→ What you have to do: Produce the records below again, word for word, but stop after the line that contains "(\<Sum>w\<in>UNIV. x w * r".

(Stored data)
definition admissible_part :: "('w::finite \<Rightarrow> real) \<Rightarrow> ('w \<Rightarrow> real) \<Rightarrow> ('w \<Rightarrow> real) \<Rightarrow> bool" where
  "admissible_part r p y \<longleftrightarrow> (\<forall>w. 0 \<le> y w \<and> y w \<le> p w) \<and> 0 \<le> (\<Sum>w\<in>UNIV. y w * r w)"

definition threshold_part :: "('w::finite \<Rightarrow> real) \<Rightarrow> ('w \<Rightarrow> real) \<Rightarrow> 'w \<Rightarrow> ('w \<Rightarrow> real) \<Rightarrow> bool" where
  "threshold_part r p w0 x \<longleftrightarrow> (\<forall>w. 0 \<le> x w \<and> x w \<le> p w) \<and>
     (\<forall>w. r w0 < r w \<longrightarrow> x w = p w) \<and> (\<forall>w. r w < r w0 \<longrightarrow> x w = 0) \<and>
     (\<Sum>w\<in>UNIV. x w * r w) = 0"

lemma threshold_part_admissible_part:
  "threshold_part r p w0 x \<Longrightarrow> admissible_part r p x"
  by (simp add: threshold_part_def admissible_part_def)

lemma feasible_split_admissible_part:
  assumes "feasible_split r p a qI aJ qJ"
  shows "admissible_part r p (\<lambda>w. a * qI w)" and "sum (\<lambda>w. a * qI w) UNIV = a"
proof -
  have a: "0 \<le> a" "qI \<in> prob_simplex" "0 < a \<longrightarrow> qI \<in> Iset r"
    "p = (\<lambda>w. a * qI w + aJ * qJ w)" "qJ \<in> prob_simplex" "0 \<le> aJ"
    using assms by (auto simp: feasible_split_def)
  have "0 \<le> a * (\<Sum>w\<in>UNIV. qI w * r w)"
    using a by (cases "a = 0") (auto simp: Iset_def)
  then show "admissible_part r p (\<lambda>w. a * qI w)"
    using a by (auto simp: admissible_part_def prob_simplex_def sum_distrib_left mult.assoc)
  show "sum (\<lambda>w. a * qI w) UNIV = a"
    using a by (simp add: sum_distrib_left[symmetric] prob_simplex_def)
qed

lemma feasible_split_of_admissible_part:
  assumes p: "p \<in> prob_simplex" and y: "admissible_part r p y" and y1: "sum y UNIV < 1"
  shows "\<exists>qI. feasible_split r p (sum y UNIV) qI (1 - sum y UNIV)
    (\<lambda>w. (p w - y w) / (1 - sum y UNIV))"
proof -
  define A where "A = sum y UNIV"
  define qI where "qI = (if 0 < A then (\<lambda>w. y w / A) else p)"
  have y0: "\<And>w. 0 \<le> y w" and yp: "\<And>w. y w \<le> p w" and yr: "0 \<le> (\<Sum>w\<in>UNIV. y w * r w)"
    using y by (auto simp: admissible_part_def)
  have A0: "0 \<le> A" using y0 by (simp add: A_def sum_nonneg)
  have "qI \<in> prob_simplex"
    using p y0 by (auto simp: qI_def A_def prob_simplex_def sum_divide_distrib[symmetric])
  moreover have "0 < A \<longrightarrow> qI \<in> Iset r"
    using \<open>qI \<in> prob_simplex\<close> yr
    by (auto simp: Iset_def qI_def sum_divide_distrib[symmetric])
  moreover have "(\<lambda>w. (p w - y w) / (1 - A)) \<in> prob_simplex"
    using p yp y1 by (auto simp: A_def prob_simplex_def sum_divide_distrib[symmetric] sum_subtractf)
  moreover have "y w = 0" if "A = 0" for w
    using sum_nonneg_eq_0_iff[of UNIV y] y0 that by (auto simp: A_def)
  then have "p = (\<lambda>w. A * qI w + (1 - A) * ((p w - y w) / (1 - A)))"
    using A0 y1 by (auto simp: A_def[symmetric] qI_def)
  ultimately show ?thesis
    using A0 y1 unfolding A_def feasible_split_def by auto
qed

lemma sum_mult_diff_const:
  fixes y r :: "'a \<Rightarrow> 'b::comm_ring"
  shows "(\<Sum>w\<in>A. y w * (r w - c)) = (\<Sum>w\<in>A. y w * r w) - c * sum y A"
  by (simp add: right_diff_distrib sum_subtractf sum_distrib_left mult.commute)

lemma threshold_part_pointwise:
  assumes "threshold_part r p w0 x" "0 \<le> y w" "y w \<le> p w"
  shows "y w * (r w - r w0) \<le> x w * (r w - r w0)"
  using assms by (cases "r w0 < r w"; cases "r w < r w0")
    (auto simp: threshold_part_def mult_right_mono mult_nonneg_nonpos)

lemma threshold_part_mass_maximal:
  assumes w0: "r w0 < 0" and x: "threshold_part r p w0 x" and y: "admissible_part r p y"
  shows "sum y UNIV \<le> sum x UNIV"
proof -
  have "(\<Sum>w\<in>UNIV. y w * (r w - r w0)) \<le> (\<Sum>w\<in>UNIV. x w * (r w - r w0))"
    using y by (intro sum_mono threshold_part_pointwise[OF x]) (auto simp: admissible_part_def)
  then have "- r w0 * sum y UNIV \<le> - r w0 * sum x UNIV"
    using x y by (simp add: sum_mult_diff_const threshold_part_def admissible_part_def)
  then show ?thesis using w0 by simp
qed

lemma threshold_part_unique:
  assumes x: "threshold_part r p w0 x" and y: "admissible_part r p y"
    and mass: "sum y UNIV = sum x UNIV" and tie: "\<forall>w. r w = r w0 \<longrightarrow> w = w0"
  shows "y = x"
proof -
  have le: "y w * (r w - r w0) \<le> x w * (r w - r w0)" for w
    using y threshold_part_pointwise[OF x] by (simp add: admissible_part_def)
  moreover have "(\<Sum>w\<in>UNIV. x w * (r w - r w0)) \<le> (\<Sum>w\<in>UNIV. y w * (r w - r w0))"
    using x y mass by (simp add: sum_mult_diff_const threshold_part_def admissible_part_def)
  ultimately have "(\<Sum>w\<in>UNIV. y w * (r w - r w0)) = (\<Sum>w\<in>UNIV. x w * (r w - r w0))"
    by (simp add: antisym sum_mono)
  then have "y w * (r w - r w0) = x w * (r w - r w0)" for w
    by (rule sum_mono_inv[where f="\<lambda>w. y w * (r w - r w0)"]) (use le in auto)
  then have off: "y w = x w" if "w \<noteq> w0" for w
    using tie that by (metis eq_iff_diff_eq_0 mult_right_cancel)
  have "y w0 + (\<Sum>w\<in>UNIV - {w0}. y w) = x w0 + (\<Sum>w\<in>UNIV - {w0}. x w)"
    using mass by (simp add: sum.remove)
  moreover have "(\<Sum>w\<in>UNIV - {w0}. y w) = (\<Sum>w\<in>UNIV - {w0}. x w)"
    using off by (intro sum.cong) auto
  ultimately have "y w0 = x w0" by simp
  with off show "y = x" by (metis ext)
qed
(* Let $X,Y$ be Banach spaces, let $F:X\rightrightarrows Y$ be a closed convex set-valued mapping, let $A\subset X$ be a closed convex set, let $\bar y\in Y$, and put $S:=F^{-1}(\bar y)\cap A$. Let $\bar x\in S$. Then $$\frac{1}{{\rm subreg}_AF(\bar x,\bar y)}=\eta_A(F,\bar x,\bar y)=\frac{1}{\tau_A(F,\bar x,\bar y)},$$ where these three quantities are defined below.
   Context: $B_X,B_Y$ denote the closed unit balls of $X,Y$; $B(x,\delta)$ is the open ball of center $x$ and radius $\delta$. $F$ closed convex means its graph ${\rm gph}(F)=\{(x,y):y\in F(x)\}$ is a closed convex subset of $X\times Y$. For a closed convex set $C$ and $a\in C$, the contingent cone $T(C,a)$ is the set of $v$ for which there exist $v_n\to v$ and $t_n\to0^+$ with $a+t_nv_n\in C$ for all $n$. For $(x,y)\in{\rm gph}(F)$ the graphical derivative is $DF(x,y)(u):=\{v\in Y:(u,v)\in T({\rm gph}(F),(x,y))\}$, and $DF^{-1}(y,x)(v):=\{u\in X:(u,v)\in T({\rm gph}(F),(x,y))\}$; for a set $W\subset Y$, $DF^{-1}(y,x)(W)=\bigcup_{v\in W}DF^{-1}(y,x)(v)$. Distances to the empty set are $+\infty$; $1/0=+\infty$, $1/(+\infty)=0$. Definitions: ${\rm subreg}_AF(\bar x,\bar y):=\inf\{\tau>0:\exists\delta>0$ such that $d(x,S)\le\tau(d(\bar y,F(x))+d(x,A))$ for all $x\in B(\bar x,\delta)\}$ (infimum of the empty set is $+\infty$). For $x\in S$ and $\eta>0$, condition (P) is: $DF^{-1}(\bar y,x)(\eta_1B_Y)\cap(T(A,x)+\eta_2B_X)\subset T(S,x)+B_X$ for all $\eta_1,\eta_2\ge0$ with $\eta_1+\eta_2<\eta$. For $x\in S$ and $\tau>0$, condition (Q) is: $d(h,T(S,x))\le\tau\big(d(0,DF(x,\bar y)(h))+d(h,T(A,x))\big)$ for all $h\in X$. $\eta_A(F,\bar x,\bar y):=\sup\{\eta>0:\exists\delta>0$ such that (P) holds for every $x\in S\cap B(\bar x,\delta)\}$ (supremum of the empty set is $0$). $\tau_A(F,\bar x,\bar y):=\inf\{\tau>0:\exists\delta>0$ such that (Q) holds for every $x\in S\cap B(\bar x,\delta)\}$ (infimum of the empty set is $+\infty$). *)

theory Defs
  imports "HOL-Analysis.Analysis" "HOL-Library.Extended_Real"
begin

→ Problem solution:
definition admissible_part :: "('w::finite \<Rightarrow> real) \<Rightarrow> ('w \<Rightarrow> real) \<Rightarrow> ('w \<Rightarrow> real) \<Rightarrow> bool" where
  "admissible_part r p y \<longleftrightarrow> (\<forall>w. 0 \<le> y w \<and> y w \<le> p w) \<and> 0 \<le> (\<Sum>w\<in>UNIV. y w * r w)"

definition threshold_part :: "('w::finite \<Rightarrow> real) \<Rightarrow> ('w \<Rightarrow> real) \<Rightarrow> 'w \<Rightarrow> ('w \<Rightarrow> real) \<Rightarrow> bool" where
  "threshold_part r p w0 x \<longleftrightarrow> (\<forall>w. 0 \<le> x w \<and> x w \<le> p w) \<and>
     (\<forall>w. r w0 < r w \<longrightarrow> x w = p w) \<and> (\<forall>w. r w < r w0 \<longrightarrow> x w = 0) \<and>
     (\<Sum>w\<in>UNIV. x w * r w) = 0"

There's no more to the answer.